(* Let $n,k\ge 1$ and let $\varphi$ be a tame automorphism of $\mathbf{C}[x_1,\dots,x_{n+k}]$. Partition the indices $\{1,\dots,n+k\}$ into $\{i_1,\dots,i_n\}$ and $\{j_1,\dots,j_k\}$. For polynomials $q_1,\dots,q_k\in\mathbf{C}[x_{i_1},\dots,x_{i_n}]$, let $\varphi_{q_1,\dots,q_k}$ be the $\mathbf{C}$-algebra endomorphism of $\mathbf{C}[x_{i_1},\dots,x_{i_n}]$ sending each $x_{i_l}$ ($1\le l\le n$) to the polynomial obtained from $\varphi(x_{i_l})$ by substituting $q_m$ for $x_{j_m}$, $1\le m\le k$. Then there exist polynomials $q_1,\dots,q_k\in\mathbf{C}[x_{i_1},\dots,x_{i_n}]$ such that $\varphi_{q_1,\dots,q_k}$ is injective.
   Context: An automorphism of $\mathbf{C}[x_1,\dots,x_N]$ is elementary if it fixes all variables except one, $x_i$, and maps $x_i$ to $x_i + f(x_1,\dots,x_{i-1},x_{i+1},\dots,x_N)$; it is tame if it is a composition of elementary and linear automorphisms. *)

theory Defs
  imports Complex_Main "HOL-Library.Poly_Mapping"
begin

type_synonym mpoly = "(nat \<Rightarrow>\<^sub>0 nat) \<Rightarrow>\<^sub>0 complex"

definition Var :: "nat \<Rightarrow> mpoly" where
  "Var i = Poly_Mapping.single (Poly_Mapping.single i 1) 1"

definition Const :: "complex \<Rightarrow> mpoly" where
  "Const c = Poly_Mapping.single 0 c"

text \<open>Set of variables occurring in a polynomial; C[x_i : i in S] is {p. vars p \<subseteq> S}.\<close>
definition vars :: "mpoly \<Rightarrow> nat set" where
  "vars p = (\<Union>m\<in>Poly_Mapping.keys p. Poly_Mapping.keys (m :: nat \<Rightarrow>\<^sub>0 nat))"

definition subst :: "(nat \<Rightarrow> mpoly) \<Rightarrow> mpoly \<Rightarrow> mpoly" where
  "subst s p = (\<Sum>m\<in>Poly_Mapping.keys p. Const (Poly_Mapping.lookup p m) *
     (\<Prod>i\<in>Poly_Mapping.keys (m :: nat \<Rightarrow>\<^sub>0 nat). s i ^ Poly_Mapping.lookup m i))"

text \<open>Endomorphisms of C[x_1,...,x_N] are represented by the images of the variables
  (a function s with s i the image of x_i for i in {1..N}, and s i = x_i otherwise).\<close>
definition compose :: "(nat \<Rightarrow> mpoly) \<Rightarrow> (nat \<Rightarrow> mpoly) \<Rightarrow> (nat \<Rightarrow> mpoly)" where
  "compose f g = (\<lambda>i. subst f (g i))"

definition elementary :: "nat \<Rightarrow> (nat \<Rightarrow> mpoly) \<Rightarrow> bool" where
  "elementary N f \<longleftrightarrow> (\<exists>i g. i \<in> {1..N} \<and> vars g \<subseteq> {1..N} - {i} \<and>
      f = (\<lambda>j. if j = i then Var i + g else Var j))"

definition linear_aut :: "nat \<Rightarrow> (nat \<Rightarrow> mpoly) \<Rightarrow> bool" where
  "linear_aut N f \<longleftrightarrow> (\<exists>A B :: nat \<Rightarrow> nat \<Rightarrow> complex.
      (\<forall>i\<in>{1..N}. \<forall>l\<in>{1..N}. (\<Sum>j\<in>{1..N}. A i j * B j l) = (if i = l then 1 else 0)) \<and>
      (\<forall>i\<in>{1..N}. \<forall>l\<in>{1..N}. (\<Sum>j\<in>{1..N}. B i j * A j l) = (if i = l then 1 else 0)) \<and>
      f = (\<lambda>i. if i \<in> {1..N} then (\<Sum>j\<in>{1..N}. Const (A i j) * Var j) else Var i))"

inductive tame :: "nat \<Rightarrow> (nat \<Rightarrow> mpoly) \<Rightarrow> bool" for N where
  elem: "elementary N f \<Longrightarrow> tame N f"
| lin: "linear_aut N f \<Longrightarrow> tame N f"
| comp: "tame N f \<Longrightarrow> tame N g \<Longrightarrow> tame N (compose f g)"

end

theory Submission
  imports Defs "Jordan_Normal_Form.Char_Poly"
begin

(* Tameness is used only through the fact that a tame automorphism phi has a polynomial
   inverse psi. By the chain rule, the Jacobian matrix A of phi at the origin is then invertible,
   so its rows indexed by I are linearly independent, and one can choose a k x n matrix M with
   A_II + A_IJ M invertible. Substituting the linear forms q_j = sum_i M_ji x_i for the x_j
   makes A_II + A_IJ M the Jacobian matrix of phi_q at the origin, so the Jacobian determinant
   of phi_q is a nonzero polynomial. Finally the Jacobian criterion gives injectivity: if
   phi_q(P) = 0, the chain rule shows that the vector (phi_q(dP/dx_i))_i lies in the kernel of the
   transposed Jacobian matrix, hence vanishes, and induction on the degree yields P = 0. *)

interpretation Const: comm_ring_hom Const
  by unfold_locales (simp_all add: Const_def single_add mult_single)

lemma Const_eq_iff [simp]: "Const a = Const b \<longleftrightarrow> a = b"
  unfolding Const_def by (metis lookup_single_eq)

lemma single_eq_Const_mult: "Poly_Mapping.single m c = Const c * Poly_Mapping.single m 1"
  by (simp add: Const_def mult_single)

lemma poly_mapping_sum_single:
  "(\<Sum>m\<in>Poly_Mapping.keys p. Poly_Mapping.single m (Poly_Mapping.lookup p m)) = p"
  by (rule poly_mapping_eqI) (simp add: lookup_sum lookup_single when_def sum.delta' in_keys_iff)

lemma Var_power: "Var i ^ e = Poly_Mapping.single (Poly_Mapping.single i e) 1"
  by (induction e) (simp_all add: Var_def mult_single single_add[symmetric] add.commute)

definition subst_monom :: "(nat \<Rightarrow> mpoly) \<Rightarrow> (nat \<Rightarrow>\<^sub>0 nat) \<Rightarrow> mpoly" where
  "subst_monom s m = (\<Prod>i\<in>Poly_Mapping.keys m. s i ^ Poly_Mapping.lookup m i)"

lemma subst_monom_superset:
  "finite K \<Longrightarrow> Poly_Mapping.keys m \<subseteq> K \<Longrightarrow>
    subst_monom s m = (\<Prod>i\<in>K. s i ^ Poly_Mapping.lookup m i)"
  unfolding subst_monom_def by (rule prod.mono_neutral_left) (auto simp: in_keys_iff)

lemma subst_monom_add: "subst_monom s (a + b) = subst_monom s a * subst_monom s b"
proof -
  let ?K = "Poly_Mapping.keys a \<union> Poly_Mapping.keys b"
  have "subst_monom s (a + b) = (\<Prod>i\<in>?K. s i ^ Poly_Mapping.lookup (a + b) i)"
    by (rule subst_monom_superset) (use keys_add[of a b] in auto)
  also have "\<dots> = (\<Prod>i\<in>?K. s i ^ Poly_Mapping.lookup a i) * (\<Prod>i\<in>?K. s i ^ Poly_Mapping.lookup b i)"
    by (simp add: lookup_add power_add prod.distrib)
  also have "\<dots> = subst_monom s a * subst_monom s b"
    by (simp add: subst_monom_superset[where K = ?K])
  finally show ?thesis .
qed

lemma prod_single_1:
  "(\<Prod>i\<in>A. Poly_Mapping.single (f i) (1 :: 'b :: comm_semiring_1)) = Poly_Mapping.single (sum f A) 1"
  by (induction A rule: infinite_finite_induct) (simp_all add: mult_single)

lemma subst_monom_Var: "subst_monom Var m = Poly_Mapping.single m 1"
  by (simp add: subst_monom_def Var_power prod_single_1 poly_mapping_sum_single)

lemma subst_eq_sum:
  "subst s p = (\<Sum>m\<in>Poly_Mapping.keys p. Const (Poly_Mapping.lookup p m) * subst_monom s m)"
  by (simp add: subst_def subst_monom_def)

lemma subst_superset:
  "finite K \<Longrightarrow> Poly_Mapping.keys p \<subseteq> K \<Longrightarrow>
    subst s p = (\<Sum>m\<in>K. Const (Poly_Mapping.lookup p m) * subst_monom s m)"
  unfolding subst_eq_sum by (rule sum.mono_neutral_left) (auto simp: in_keys_iff)

lemma subst_single: "subst s (Poly_Mapping.single m c) = Const c * subst_monom s m"
  by (cases "c = 0") (simp_all add: subst_eq_sum)

lemma subst_add: "subst s (p + q) = subst s p + subst s q"
proof -
  let ?K = "Poly_Mapping.keys p \<union> Poly_Mapping.keys q"
  have "subst s (p + q) = (\<Sum>m\<in>?K. Const (Poly_Mapping.lookup (p + q) m) * subst_monom s m)"
    by (rule subst_superset) (use keys_add[of p q] in auto)
  also have "\<dots> = subst s p + subst s q"
    by (simp add: subst_superset[where K = ?K] lookup_add Const.hom_add distrib_right sum.distrib)
  finally show ?thesis .
qed

interpretation subst: comm_monoid_add_hom "subst s" for s
  by unfold_locales (simp_all add: subst_add subst_eq_sum[of _ 0])

lemma subst_mult: "subst s (p * q) = subst s p * subst s q"
proof -
  let ?c = "\<lambda>a b. Poly_Mapping.lookup p a * Poly_Mapping.lookup q b"
  have "p * q = (\<Sum>a\<in>Poly_Mapping.keys p. \<Sum>b\<in>Poly_Mapping.keys q.
      Poly_Mapping.single (a + b) (?c a b))"
    by (subst (1 2) poly_mapping_sum_single[symmetric]) (simp add: sum_product mult_single)
  then show ?thesis
    by (simp add: subst.hom_sum subst_single subst_eq_sum[of s p] subst_eq_sum[of s q]
        sum_product Const.hom_mult subst_monom_add mult_ac)
qed

interpretation subst: comm_ring_hom "subst s" for s
  by unfold_locales (simp_all add: subst_mult subst_single[of s 0 1, simplified] subst_monom_def)

lemma subst_Const [simp]: "subst s (Const c) = Const c"
  by (simp add: Const_def subst_single subst_monom_def)

lemma subst_Var [simp]: "subst s (Var i) = s i"
  by (simp add: Var_def subst_single subst_monom_def)

lemma subst_Var_id [simp]: "subst Var p = p"
  by (simp add: subst_eq_sum subst_monom_Var single_eq_Const_mult[symmetric] poly_mapping_sum_single)

lemma subst_subst_monom: "subst t (subst_monom s m) = subst_monom (\<lambda>i. subst t (s i)) m"
  by (simp add: subst_monom_def subst.hom_prod subst.hom_power)

lemma subst_subst: "subst t (subst s p) = subst (\<lambda>i. subst t (s i)) p"
  by (simp add: subst_eq_sum[of s] subst_eq_sum[of "\<lambda>i. subst t (s i)"] subst.hom_sum
      subst.hom_mult subst_subst_monom)

lemma subst_cong: "(\<And>i. i \<in> vars p \<Longrightarrow> s i = t i) \<Longrightarrow> subst s p = subst t p"
  unfolding subst_def vars_def
  by (intro sum.cong arg_cong2[where f = times] prod.cong) (auto intro: arg_cong2[where f = power])

lemma vars_Const [simp]: "vars (Const c) = {}"
  by (simp add: vars_def Const_def)

lemma vars_Var [simp]: "vars (Var i) = {i}"
  by (simp add: vars_def Var_def)

lemma vars_1 [simp]: "vars 1 = {}"
  using vars_Const[of 1] by simp

lemma vars_add: "vars (p + q) \<subseteq> vars p \<union> vars q"
  using keys_add[of p q] by (auto simp: vars_def)

lemma vars_diff: "vars (p - q) \<subseteq> vars p \<union> vars q"
  using vars_add[of p "- q"] by (simp add: vars_def)

lemma vars_mult: "vars (p * q) \<subseteq> vars p \<union> vars q"
proof
  fix i assume "i \<in> vars (p * q)"
  then obtain m where m: "m \<in> Poly_Mapping.keys (p * q)" "i \<in> Poly_Mapping.keys m"
    by (auto simp: vars_def)
  then obtain a b where "a \<in> Poly_Mapping.keys p" "b \<in> Poly_Mapping.keys q" "m = a + b"
    using keys_mult[of p q] by blast
  with m keys_add[of a b] show "i \<in> vars p \<union> vars q"
    by (auto simp: vars_def)
qed

lemma vars_sum: "vars (sum f A) \<subseteq> (\<Union>x\<in>A. vars (f x))"
proof (induction A rule: infinite_finite_induct)
  case (insert x F)
  then show ?case using vars_add[of "f x" "sum f F"] by auto
qed (simp_all add: vars_def)

lemma vars_prod: "vars (prod f A) \<subseteq> (\<Union>x\<in>A. vars (f x))"
proof (induction A rule: infinite_finite_induct)
  case (insert x F)
  then show ?case using vars_mult[of "f x" "prod f F"] by auto
qed simp_all

lemma vars_power: "vars (p ^ n) \<subseteq> vars p"
  using vars_prod[of "\<lambda>_. p" "{..<n}"] by (auto split: if_splits)

lemma vars_linear_form: "vars (\<Sum>i\<in>A. Const (c i) * Var i) \<subseteq> A"
  using vars_sum[of "\<lambda>i. Const (c i) * Var i" A] vars_mult[of "Const _" "Var _"] by fastforce

lemma vars_subst: "vars (subst s p) \<subseteq> (\<Union>i\<in>vars p. vars (s i))"
proof -
  have monom: "vars (subst_monom s m) \<subseteq> (\<Union>i\<in>Poly_Mapping.keys m. vars (s i))" for m
  proof -
    have "vars (subst_monom s m) \<subseteq> (\<Union>i\<in>Poly_Mapping.keys m. vars (s i ^ Poly_Mapping.lookup m i))"
      unfolding subst_monom_def by (rule vars_prod)
    also have "\<dots> \<subseteq> (\<Union>i\<in>Poly_Mapping.keys m. vars (s i))"
      using vars_power by (intro UN_mono) auto
    finally show ?thesis .
  qed
  have "vars (subst s p) \<subseteq>
      (\<Union>m\<in>Poly_Mapping.keys p. vars (Const (Poly_Mapping.lookup p m) * subst_monom s m))"
    unfolding subst_eq_sum by (rule vars_sum)
  also have "\<dots> \<subseteq> (\<Union>m\<in>Poly_Mapping.keys p. vars (subst_monom s m))"
    using vars_mult[of "Const _"] by (intro UN_mono) auto
  also have "\<dots> \<subseteq> (\<Union>m\<in>Poly_Mapping.keys p. \<Union>i\<in>Poly_Mapping.keys m. vars (s i))"
    using monom by (intro UN_mono) auto
  also have "\<dots> = (\<Union>i\<in>vars p. vars (s i))"
    by (auto simp: vars_def[of p])
  finally show ?thesis .
qed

****************

**Action item**
Among the entries above, find the line with "by (induction e)" and the line with "mpoly) \<Rightarrow> (nat \<Rightarrow>\<^sub>0"; give again exactly these two lines and all lines between them.

**Exercise response**
  by (induction e) (simp_all add: Var_def mult_single single_add[symmetric] add.commute)

definition subst_monom :: "(nat \<Rightarrow> mpoly) \<Rightarrow> (nat \<Rightarrow>\<^sub>0 nat) \<Rightarrow> mpoly" where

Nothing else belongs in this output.